Abstract:
Lip-reading recognition focuses on recognizing words spoken by a talking
face by only utilizing a video without audio. Lip-reading recognition can help
people with difficulties such as communication difficulties caused by
removing the larynx in the total laryngectomy. It is hard to recognize the lip
reads manually from humans. Therefore, it is necessary to build lip-reading
recognition models with good accuracy and efficiency that results in the
development of good practical applications. Lip-reading recognition involves
preprocessing steps such as face recognition, facial landmark detection and
image preprocessing, followed by mouth Region of Interest (ROI) extraction.
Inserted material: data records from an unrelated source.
(* Let $G$ be a finite simple graph on $2i$ vertices and let $J\in\mathcal{P}(G)$. Then for each integer $k$ with $0\le k\le i-\frac{|J|}{2}$, $$|C_k(J;G)| = |C_k(\emptyset;G^\ast_J)|.$$
   Context: All graphs are finite simple graphs; $G|_I$ is the induced subgraph on $I\subseteq V(G)$. $\mathcal{E}\mathcal{C}(G)=\{I\subseteq V(G): G|_I \text{ has no connected component of odd order}\}$. For a graph $G$ of even order, $\mathcal{P}(G)=\mathcal{E}\mathcal{C}(G)\cup\{V(G)\}$, a poset under inclusion. For $I\in\mathcal{P}(G)$ and $k\ge0$, $C_k(I;G)$ is the set of chains $I=I_0\subsetneq I_1\subsetneq\cdots\subsetneq I_k=V(G)$ with $I_j\in\mathcal{P}(G)$ for all $1\le j\le k$ (so $C_0(I;G)$ is $\{(V(G))\}$ if $I=V(G)$ and empty otherwise). The reconnected complement $G^\ast_J$ is the graph on $V(G)\setminus J$ in which $\{a,b\}$ is an edge iff there is a path from $a$ to $b$ in $G|_{J\cup\{a,b\}}$. *)

theory Defs
  imports Main
begin

type_synonym 'a graph = "'a set \<times> 'a set set"

definition verts :: "'a graph \<Rightarrow> 'a set" where "verts G = fst G"
definition edges :: "'a graph \<Rightarrow> 'a set set" where "edges G = snd G"

definition simple_graph :: "'a graph \<Rightarrow> bool" where
  "simple_graph G \<longleftrightarrow> finite (verts G) \<and>
     (\<forall>e\<in>edges G. e \<subseteq> verts G \<and> card e = 2)"

definition induced_adj :: "'a graph \<Rightarrow> 'a set \<Rightarrow> ('a \<times> 'a) set" where
  "induced_adj G S = {(x, y). x \<in> S \<and> y \<in> S \<and> {x, y} \<in> edges G}"
theorem mainTheorem13:
  fixes V :: "'a set" and E :: "'a set set" and K :: nat and \<Gamma> :: "'a \<Rightarrow> nat set"
    and M :: "'a set" and s :: 'a and e_s e_r :: real
    and Nopt :: "'a set" and Fopt :: "'a set set" and Bopt :: "'a \<Rightarrow> nat set"
    and NI :: "'a set" and FI :: "'a set set"
  assumes "simple_graph V E" and "connected_graph V E" and "card V \<ge> 2"
    and "K > 0"
    and "\<forall>u\<in>V. \<Gamma> u \<noteq> {} \<and> \<Gamma> u \<subseteq> {1..K}"
    and "M \<subseteq> V" and "s \<in> M" and "e_s \<ge> e_r" and "e_r \<ge> 0"
    and "card M \<ge> 2"
    and "optimal_solution V E K \<Gamma> M s e_s e_r Nopt Fopt Bopt"
    and "min_iso_scattering_tree V E K \<Gamma> M NI FI"
  shows "(real (Xi K \<Gamma> NI FI) + 1) * e_s + (real (card Nopt) - 1) * e_r
           \<le> 2 * cost e_s e_r s Nopt Fopt Bopt"
proof -
  define S where "S = (\<Sum>u\<in>nl Nopt Fopt s. card (Bopt u))"
  have T: "tree_in V E Nopt Fopt" and MN: "M \<subseteq> Nopt"
    and B: "feasible_schedule K \<Gamma> s Nopt Fopt Bopt"
    using assms(11) unfolding optimal_solution_def multicast_tree_def by auto
  have sN: "s \<in> Nopt" using MN assms(7) by blast
  have "\<not> M \<subseteq> {s}"
  proof
    assume "M \<subseteq> {s}"
    then have "card M \<le> card {s}" by (intro card_mono) auto
    then show False using assms(10) by simp
  qed
  then obtain m where "m \<in> M" "m \<noteq> s" by blast
  then have sL: "s \<in> nl Nopt Fopt s"
    using root_non_leaf[of Nopt Fopt s m] T MN sN unfolding tree_in_def is_tree_def by blast
  have "Xi K \<Gamma> NI FI \<le> Xi K \<Gamma> Nopt Fopt"
    using assms(12) T MN unfolding min_iso_scattering_tree_def by blast
  then have XS: "real (Xi K \<Gamma> NI FI) + 1 \<le> 2 * real S"
    using Xi_bound_by_schedule[OF assms(1) T assms(5) B sN sL] unfolding S_def by linarith
  have "card Nopt \<ge> 1"
    using T sN assms(1) finite_subset unfolding tree_in_def simple_graph_def
    by (metis One_nat_def Suc_leI card_gt_0_iff empty_iff)
  then have er_term: "0 \<le> (real (card Nopt) - 1) * e_r" using assms(9) by simp
  have "(real (Xi K \<Gamma> NI FI) + 1) * e_s \<le> 2 * real S * e_s"
    using XS assms(8,9) by (intro mult_right_mono) auto
  moreover have "cost e_s e_r s Nopt Fopt Bopt = real S * e_s + (real (card Nopt) - 1) * e_r"
    unfolding cost_def S_def by (simp add: sum_distrib_right)
  ultimately show ?thesis using er_term by (simp add: algebra_simps)
qed
(* For any generalized causal team $T$ over a signature $\sigma$: $T\models^g\bigsqcup_{\mathcal F\in\mathbb F_\sigma}\Phi^{\mathcal F}$ if and only if $T$ is uniform.
   Context: A signature $\sigma=(\mathrm{Dom},\mathrm{Ran})$: $\mathrm{Dom}$ nonempty finite set of variables, each with nonempty finite range $\mathrm{Ran}(X)$; $\mathbf X=\mathbf x$ abbreviates $X_1=x_1\wedge\dots\wedge X_n=x_n$ ($\mathbf x\in\mathrm{Ran}(\mathbf X)=\prod\mathrm{Ran}(X_i)$), inconsistent if it contains $X=x,X=x'$ with $x\neq x'$. $\mathcal{CO}[\sigma]$-formulas: $\alpha::=X=x\mid\neg\alpha\mid\alpha\wedge\alpha\mid\alpha\vee\alpha\mid\mathbf X=\mathbf x\;\Box\!\!\rightarrow\alpha$; $\alpha\supset\beta$ abbreviates $\neg\alpha\vee\beta$; $\sqcup$ is the global disjunction ($T\models\varphi\sqcup\psi$ iff $T\models\varphi$ or $T\models\psi$), $\bigsqcup$ its iterated form. A system of functions $\mathcal F$: for each $V\in\mathrm{En}(\mathcal F)\subseteq\mathrm{Dom}$ parents $PA^{\mathcal F}_V\subseteq\mathrm{Dom}\setminus\{V\}$ and $\mathcal F_V:\mathrm{Ran}(PA^{\mathcal F}_V)\to\mathrm{Ran}(V)$; $\mathrm{Ex}(\mathcal F)=\mathrm{Dom}\setminus\mathrm{En}(\mathcal F)$; only recursive (acyclic parent graph) systems, forming the finite set $\mathbb F_\sigma$. An assignment $s$ ($s(X)\in\mathrm{Ran}(X)$) is compatible with $\mathcal F$ if $s(V)=\mathcal F_V(s(PA^{\mathcal F}_V))$ for $V\in\mathrm{En}(\mathcal F)$. A generalized causal team is a set $T$ of pairs $(s,\mathcal F)$ with $\mathcal F\in\mathbb F_\sigma$ and $s$ compatible with $\mathcal F$; $T^-=\{s:(s,\mathcal F)\in T\}$. For consistent $\mathbf X=\mathbf x$: $\mathcal F_{\mathbf X=\mathbf x}$ restricts $\mathcal F$ to $\mathrm{En}(\mathcal F)\setminus\mathbf X$; $s^{\mathcal F}_{\mathbf X=\mathbf x}$: $X_i\mapsto x_i$, $V\mapsto s(V)$ for $V\in\mathrm{Ex}(\mathcal F)\setminus\mathbf X$, $V\mapsto\mathcal F_V(s^{\mathcal F}_{\mathbf X=\mathbf x}(PA^{\mathcal F}_V))$ for $V\in\mathrm{En}(\mathcal F)\setminus\mathbf X$; $T_{\mathbf X=\mathbf x}=\{(s^{\mathcal F}_{\mathbf X=\mathbf x},\mathcal F_{\mathbf X=\mathbf x}):(s,\mathcal F)\in T\}$. $\models^g$: $T\models X=x$ iff $s(X)=x$ for all $s\in T^-$; $T\models\neg\alpha$ iff $\{(s,\mathcal F)\}\not\models\alpha$ for all $(s,\mathcal F)\in T$; $\wedge$ classical; $T\models\varphi\vee\psi$ iff $T=T_1\cup T_2$ with $T_1\models\varphi$, $T_2\models\psi$; $T\models\mathbf X=\mathbf x\;\Box\!\!\rightarrow\varphi$ iff $\mathbf X=\mathbf x$ inconsistent or $T_{\mathbf X=\mathbf x}\models\varphi$. $\mathrm{Cn}(\mathcal F)$ = $\{V\in\mathrm{En}(\mathcal F):\mathcal F_V\text{ constant}\}$. $\mathcal F_V\sim\mathcal G_V$ iff $\mathcal F_V(\mathbf x\mathbf y)=\mathcal G_V(\mathbf x\mathbf z)$ for all $\mathbf x\in\mathrm{Ran}(PA^{\mathcal F}_V\cap PA^{\mathcal G}_V)$, $\mathbf y\in\mathrm{Ran}(PA^{\mathcal F}_V\setminus PA^{\mathcal G}_V)$, $\mathbf z\in\mathrm{Ran}(PA^{\mathcal G}_V\setminus PA^{\mathcal F}_V)$; $\mathcal F\sim\mathcal G$ iff $\mathrm{En}(\mathcal F)\setminus\mathrm{Cn}(\mathcal F)=\mathrm{En}(\mathcal G)\setminus\mathrm{Cn}(\mathcal G)$ and $\mathcal F_V\sim\mathcal G_V$ for each such $V$. $T$ is uniform if $\mathcal F\sim\mathcal G$ for all $(s,\mathcal F),(t,\mathcal G)\in T$ (the empty team is uniform). With $\mathbf W_V$ listing $\mathrm{Dom}\setminus\{V\}$: $\Phi^{\mathcal F}:=\bigwedge_{V\in\mathrm{En}(\mathcal F)\setminus\mathrm{Cn}(\mathcal F)}\eta(V)\wedge\bigwedge_{V\notin\mathrm{En}(\mathcal F)\setminus\mathrm{Cn}(\mathcal F)}\xi(V)$, where $\eta(V)$ is the conjunction of all $(\mathbf W=\mathbf w\wedge PA^{\mathcal F}_V=\mathbf p)\;\Box\!\!\rightarrow V=\mathcal F_V(\mathbf p)$ ($\mathbf W$ listing $\mathrm{Dom}\setminus(PA^{\mathcal F}_V\cup\{V\})$, $\mathbf w\in\mathrm{Ran}(\mathbf W)$, $\mathbf p\in\mathrm{Ran}(PA^{\mathcal F}_V)$) and $\xi(V)$ is the conjunction of all $V=v\supset(\mathbf W_V=\mathbf w\;\Box\!\!\rightarrow V=v)$ ($v\in\mathrm{Ran}(V)$, $\mathbf w\in\mathrm{Ran}(\mathbf W_V)$). *)

theory Defs
  imports Main "HOL-Library.FuncSet"
begin

text \<open>A signature is given by a set Dom of variables (type 'v) and a range
  function Ran :: 'v => 'a set. An assignment is an element of PiE Dom Ran.\<close>

datatype ('v, 'a) CO =
    Atom 'v 'a
  | Neg "('v, 'a) CO"
  | Conj "('v, 'a) CO" "('v, 'a) CO"
  | Disj "('v, 'a) CO" "('v, 'a) CO"
  | Cf "('v \<times> 'a) list" "('v, 'a) CO"

definition consistent :: "('v \<times> 'a) list \<Rightarrow> bool" where
  "consistent xs \<longleftrightarrow> (\<forall>(X, x) \<in> set xs. \<forall>(Y, y) \<in> set xs. X = Y \<longrightarrow> x = y)"

record ('v, 'a) sysf =
  en :: "'v set"
  pa :: "'v \<Rightarrow> 'v set"
  fn :: "'v \<Rightarrow> ('v \<Rightarrow> 'a) \<Rightarrow> 'a"       (* F_V applied to an assignment of PA_V *)

definition parent_rel :: "('v, 'a) sysf \<Rightarrow> ('v \<times> 'v) set" where
  "parent_rel F = {(U, V). V \<in> en F \<and> U \<in> pa F V}"

text \<open>Recursive system of functions over the signature (canonical representation:
  parents empty and function undefined outside En, F_V undefined outside Ran(PA_V)).\<close>
definition is_sysf :: "'v set \<Rightarrow> ('v \<Rightarrow> 'a set) \<Rightarrow> ('v, 'a) sysf \<Rightarrow> bool" where
  "is_sysf Dom Ran F \<longleftrightarrow>
     en F \<subseteq> Dom \<and>
     (\<forall>V. V \<notin> en F \<longrightarrow> pa F V = {} \<and> fn F V = undefined) \<and>
     (\<forall>V \<in> en F. pa F V \<subseteq> Dom - {V} \<and>
        (\<forall>p \<in> PiE (pa F V) Ran. fn F V p \<in> Ran V) \<and>
        (\<forall>p. p \<notin> PiE (pa F V) Ran \<longrightarrow> fn F V p = undefined)) \<and>
     acyclic (parent_rel F)"

definition sysfs :: "'v set \<Rightarrow> ('v \<Rightarrow> 'a set) \<Rightarrow> ('v, 'a) sysf set" where
  "sysfs Dom Ran = {F. is_sysf Dom Ran F}"

definition compatible :: "('v \<Rightarrow> 'a) \<Rightarrow> ('v, 'a) sysf \<Rightarrow> bool" where
  "compatible s F \<longleftrightarrow> (\<forall>V \<in> en F. s V = fn F V (restrict s (pa F V)))"

definition gcteam :: "'v set \<Rightarrow> ('v \<Rightarrow> 'a set) \<Rightarrow> (('v \<Rightarrow> 'a) \<times> ('v, 'a) sysf) set \<Rightarrow> bool" where
  "gcteam Dom Ran T \<longleftrightarrow>
     (\<forall>(s, F) \<in> T. s \<in> PiE Dom Ran \<and> F \<in> sysfs Dom Ran \<and> compatible s F)"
Currently, these preprocessing techniques are much improved in efficiency
and accuracy. Therefore, most recent works are focused on improving the
performance by developing the optimal architecture. In this paper, we propose
new lip-reading recognition model using Temporal Convolutional Networks
(TCN) for classification and utilizing different EfficientNet architectures for
feature extraction. First, we developed our base model for lip-reading
recognition with EfficientNet-B0 and TCN. Secondly, we obtained the
performance of the developed lip-reading recognition models by replacing
EfficientNet-B0 with the scaled versions of the family of EfficientNets,
EfficientNet-B1 to B6. All the models were trained for 80 epochs and Adam
optimizer was used with a batch size of 32. We compared the performance of
models when using different variants of EfficientNets. The results
demonstrate that lip-reading recognition can be improved when TCN is
combined with EfficientNet-B1, B2 and B3 architectures where the
accuracies are 83.8%, 81.8%, and 84.32%, respectively.